*** Given data ***

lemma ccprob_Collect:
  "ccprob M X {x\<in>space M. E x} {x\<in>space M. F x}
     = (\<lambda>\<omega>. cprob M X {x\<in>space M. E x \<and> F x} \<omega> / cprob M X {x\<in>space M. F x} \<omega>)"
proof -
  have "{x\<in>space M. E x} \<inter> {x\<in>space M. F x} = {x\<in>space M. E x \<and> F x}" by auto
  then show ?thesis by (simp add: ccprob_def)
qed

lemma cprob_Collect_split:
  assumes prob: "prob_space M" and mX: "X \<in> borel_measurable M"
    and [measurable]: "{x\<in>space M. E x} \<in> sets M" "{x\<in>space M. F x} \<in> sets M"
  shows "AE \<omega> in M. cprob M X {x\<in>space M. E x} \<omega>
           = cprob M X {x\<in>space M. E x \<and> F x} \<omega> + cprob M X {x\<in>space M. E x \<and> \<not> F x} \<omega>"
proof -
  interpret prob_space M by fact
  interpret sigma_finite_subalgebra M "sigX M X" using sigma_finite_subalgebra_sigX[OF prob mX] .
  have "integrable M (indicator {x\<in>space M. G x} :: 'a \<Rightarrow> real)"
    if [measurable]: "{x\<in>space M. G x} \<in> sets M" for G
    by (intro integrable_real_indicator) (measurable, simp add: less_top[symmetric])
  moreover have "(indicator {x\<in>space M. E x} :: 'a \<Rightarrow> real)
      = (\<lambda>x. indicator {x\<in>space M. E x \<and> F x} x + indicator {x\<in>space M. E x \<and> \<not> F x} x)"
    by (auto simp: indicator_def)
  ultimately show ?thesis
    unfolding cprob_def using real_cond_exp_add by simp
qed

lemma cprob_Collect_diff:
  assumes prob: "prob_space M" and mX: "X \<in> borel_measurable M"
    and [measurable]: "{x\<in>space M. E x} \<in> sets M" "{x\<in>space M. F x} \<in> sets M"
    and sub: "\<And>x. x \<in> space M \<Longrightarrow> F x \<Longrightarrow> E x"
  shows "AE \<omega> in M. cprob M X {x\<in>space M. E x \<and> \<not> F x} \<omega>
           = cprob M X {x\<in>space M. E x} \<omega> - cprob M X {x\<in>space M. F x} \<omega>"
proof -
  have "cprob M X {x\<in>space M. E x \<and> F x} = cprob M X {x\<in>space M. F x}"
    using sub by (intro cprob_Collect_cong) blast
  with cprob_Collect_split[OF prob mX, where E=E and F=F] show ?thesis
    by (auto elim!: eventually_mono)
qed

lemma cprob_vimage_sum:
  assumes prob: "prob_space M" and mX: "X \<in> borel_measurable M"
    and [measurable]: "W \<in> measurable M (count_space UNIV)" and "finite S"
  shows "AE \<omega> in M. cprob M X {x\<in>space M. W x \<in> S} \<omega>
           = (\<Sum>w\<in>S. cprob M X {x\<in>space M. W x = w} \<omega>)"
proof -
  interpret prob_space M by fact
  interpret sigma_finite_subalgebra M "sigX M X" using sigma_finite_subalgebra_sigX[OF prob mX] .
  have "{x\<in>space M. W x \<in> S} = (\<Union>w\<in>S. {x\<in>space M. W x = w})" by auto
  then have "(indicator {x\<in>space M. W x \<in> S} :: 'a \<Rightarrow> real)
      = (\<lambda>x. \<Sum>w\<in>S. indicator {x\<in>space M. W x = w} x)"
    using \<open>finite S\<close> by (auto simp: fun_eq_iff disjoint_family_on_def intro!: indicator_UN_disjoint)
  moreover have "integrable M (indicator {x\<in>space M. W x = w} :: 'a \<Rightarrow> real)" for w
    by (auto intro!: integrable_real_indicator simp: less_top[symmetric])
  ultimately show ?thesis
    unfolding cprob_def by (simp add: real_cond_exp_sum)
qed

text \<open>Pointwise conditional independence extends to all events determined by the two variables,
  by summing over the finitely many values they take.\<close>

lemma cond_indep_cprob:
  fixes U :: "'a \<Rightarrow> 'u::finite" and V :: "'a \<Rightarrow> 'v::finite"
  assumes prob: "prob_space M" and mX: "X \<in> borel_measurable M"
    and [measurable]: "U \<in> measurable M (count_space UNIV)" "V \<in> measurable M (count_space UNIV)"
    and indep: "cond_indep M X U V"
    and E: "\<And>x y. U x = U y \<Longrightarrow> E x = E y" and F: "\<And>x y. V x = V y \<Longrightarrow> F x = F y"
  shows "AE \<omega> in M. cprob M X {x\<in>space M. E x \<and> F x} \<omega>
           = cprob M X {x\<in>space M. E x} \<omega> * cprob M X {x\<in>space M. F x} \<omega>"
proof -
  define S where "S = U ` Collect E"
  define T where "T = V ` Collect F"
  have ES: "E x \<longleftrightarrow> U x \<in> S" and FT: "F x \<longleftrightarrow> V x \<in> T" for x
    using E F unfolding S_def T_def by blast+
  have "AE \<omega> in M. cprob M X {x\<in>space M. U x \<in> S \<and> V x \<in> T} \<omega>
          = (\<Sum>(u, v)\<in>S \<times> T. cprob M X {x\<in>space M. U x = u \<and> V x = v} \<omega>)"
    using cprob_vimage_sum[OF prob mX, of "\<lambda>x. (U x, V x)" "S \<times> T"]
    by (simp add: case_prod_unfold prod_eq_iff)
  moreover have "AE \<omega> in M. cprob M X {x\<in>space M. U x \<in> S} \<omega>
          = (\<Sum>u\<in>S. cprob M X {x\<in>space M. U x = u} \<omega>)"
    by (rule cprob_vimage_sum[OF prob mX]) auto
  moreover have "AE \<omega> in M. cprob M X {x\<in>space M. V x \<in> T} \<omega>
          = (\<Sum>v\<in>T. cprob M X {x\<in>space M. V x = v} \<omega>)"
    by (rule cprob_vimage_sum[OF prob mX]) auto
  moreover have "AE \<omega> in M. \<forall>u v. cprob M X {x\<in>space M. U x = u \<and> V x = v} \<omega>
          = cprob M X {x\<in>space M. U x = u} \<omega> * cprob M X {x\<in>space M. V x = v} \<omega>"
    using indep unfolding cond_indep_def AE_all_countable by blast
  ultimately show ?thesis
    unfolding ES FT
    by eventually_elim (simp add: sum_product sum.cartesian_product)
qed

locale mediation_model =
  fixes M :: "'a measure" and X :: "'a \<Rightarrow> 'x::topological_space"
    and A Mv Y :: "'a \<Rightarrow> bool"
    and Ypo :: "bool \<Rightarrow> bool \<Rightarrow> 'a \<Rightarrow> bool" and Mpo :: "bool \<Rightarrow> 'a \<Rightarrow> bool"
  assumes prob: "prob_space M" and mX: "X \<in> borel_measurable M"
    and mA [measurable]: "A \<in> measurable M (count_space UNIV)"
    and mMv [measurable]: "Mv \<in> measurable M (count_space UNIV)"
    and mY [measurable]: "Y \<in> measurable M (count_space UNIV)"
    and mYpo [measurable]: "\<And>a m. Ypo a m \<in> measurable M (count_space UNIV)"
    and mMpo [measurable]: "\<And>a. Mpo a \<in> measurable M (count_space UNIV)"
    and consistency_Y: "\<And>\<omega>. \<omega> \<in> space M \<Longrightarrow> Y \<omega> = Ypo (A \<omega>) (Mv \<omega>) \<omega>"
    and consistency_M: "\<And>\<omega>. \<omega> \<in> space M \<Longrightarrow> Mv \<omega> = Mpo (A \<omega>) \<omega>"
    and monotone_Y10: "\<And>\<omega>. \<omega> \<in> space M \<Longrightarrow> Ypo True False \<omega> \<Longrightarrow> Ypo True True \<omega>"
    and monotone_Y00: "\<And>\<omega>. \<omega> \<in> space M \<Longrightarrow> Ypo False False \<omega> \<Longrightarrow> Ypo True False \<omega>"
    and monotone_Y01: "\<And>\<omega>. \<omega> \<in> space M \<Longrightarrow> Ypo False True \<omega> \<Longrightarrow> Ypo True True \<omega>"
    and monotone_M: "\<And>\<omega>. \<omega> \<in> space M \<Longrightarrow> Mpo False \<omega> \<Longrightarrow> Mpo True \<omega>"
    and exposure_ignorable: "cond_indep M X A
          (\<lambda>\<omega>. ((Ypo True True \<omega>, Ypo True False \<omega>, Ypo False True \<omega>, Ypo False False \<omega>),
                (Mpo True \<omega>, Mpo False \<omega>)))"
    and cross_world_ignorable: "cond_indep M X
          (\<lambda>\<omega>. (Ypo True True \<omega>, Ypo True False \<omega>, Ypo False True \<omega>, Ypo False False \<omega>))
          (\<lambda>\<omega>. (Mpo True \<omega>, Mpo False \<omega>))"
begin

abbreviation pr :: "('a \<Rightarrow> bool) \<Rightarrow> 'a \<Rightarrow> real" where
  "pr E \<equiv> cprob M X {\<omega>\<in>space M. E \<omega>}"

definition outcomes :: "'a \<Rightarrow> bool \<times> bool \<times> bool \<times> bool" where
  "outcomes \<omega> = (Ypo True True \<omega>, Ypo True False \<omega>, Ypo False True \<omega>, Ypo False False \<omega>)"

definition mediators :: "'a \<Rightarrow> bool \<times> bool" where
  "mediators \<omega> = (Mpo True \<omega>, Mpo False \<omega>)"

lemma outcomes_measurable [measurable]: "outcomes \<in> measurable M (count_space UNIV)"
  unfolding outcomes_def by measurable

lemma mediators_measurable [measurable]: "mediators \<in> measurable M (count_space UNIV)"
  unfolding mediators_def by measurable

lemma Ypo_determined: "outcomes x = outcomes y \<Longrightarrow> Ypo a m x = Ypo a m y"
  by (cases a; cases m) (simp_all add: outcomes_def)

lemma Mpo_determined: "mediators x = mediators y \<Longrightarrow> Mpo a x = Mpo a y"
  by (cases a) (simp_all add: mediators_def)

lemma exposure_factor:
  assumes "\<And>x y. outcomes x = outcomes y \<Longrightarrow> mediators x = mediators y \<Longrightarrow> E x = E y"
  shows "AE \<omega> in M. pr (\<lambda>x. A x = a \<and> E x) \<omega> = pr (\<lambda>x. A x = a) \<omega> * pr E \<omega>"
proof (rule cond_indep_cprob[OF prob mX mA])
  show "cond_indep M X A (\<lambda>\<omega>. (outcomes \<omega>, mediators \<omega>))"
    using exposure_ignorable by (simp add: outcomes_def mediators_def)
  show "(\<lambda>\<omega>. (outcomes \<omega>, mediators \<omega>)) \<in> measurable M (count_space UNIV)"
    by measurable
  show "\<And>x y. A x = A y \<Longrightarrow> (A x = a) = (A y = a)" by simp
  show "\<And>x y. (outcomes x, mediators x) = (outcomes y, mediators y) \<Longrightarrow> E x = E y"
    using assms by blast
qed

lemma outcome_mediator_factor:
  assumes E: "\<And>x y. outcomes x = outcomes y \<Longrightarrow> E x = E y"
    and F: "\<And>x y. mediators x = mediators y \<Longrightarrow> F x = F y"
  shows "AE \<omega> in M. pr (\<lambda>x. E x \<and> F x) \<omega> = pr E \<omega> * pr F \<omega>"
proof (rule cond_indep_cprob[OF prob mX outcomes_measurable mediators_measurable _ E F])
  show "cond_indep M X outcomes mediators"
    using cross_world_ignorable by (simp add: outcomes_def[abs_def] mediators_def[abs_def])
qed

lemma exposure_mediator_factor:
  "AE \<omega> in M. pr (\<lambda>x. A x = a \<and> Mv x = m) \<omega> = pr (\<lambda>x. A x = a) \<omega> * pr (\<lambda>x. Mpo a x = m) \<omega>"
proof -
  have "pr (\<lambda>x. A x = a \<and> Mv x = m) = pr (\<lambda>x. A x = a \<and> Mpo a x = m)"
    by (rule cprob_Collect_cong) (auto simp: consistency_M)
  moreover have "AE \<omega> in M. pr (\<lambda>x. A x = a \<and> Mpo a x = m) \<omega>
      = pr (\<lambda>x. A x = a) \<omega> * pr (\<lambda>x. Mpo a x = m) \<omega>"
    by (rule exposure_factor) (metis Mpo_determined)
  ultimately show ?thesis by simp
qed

*** End of Given data ***

• **Work request**:
Transcribe the lines above between the line holding "y. mediators x" and the line holding "proof (rule cond_indep_cprob[OF prob mX outcomes_measurable", inclusive, exactly as they stand and with nothing added.

• **Answer space**:
    and F: "\<And>x y. mediators x = mediators y \<Longrightarrow> F x = F y"
  shows "AE \<omega> in M. pr (\<lambda>x. E x \<and> F x) \<omega> = pr E \<omega> * pr F \<omega>"
proof (rule cond_indep_cprob[OF prob mX outcomes_measurable mediators_measurable _ E F])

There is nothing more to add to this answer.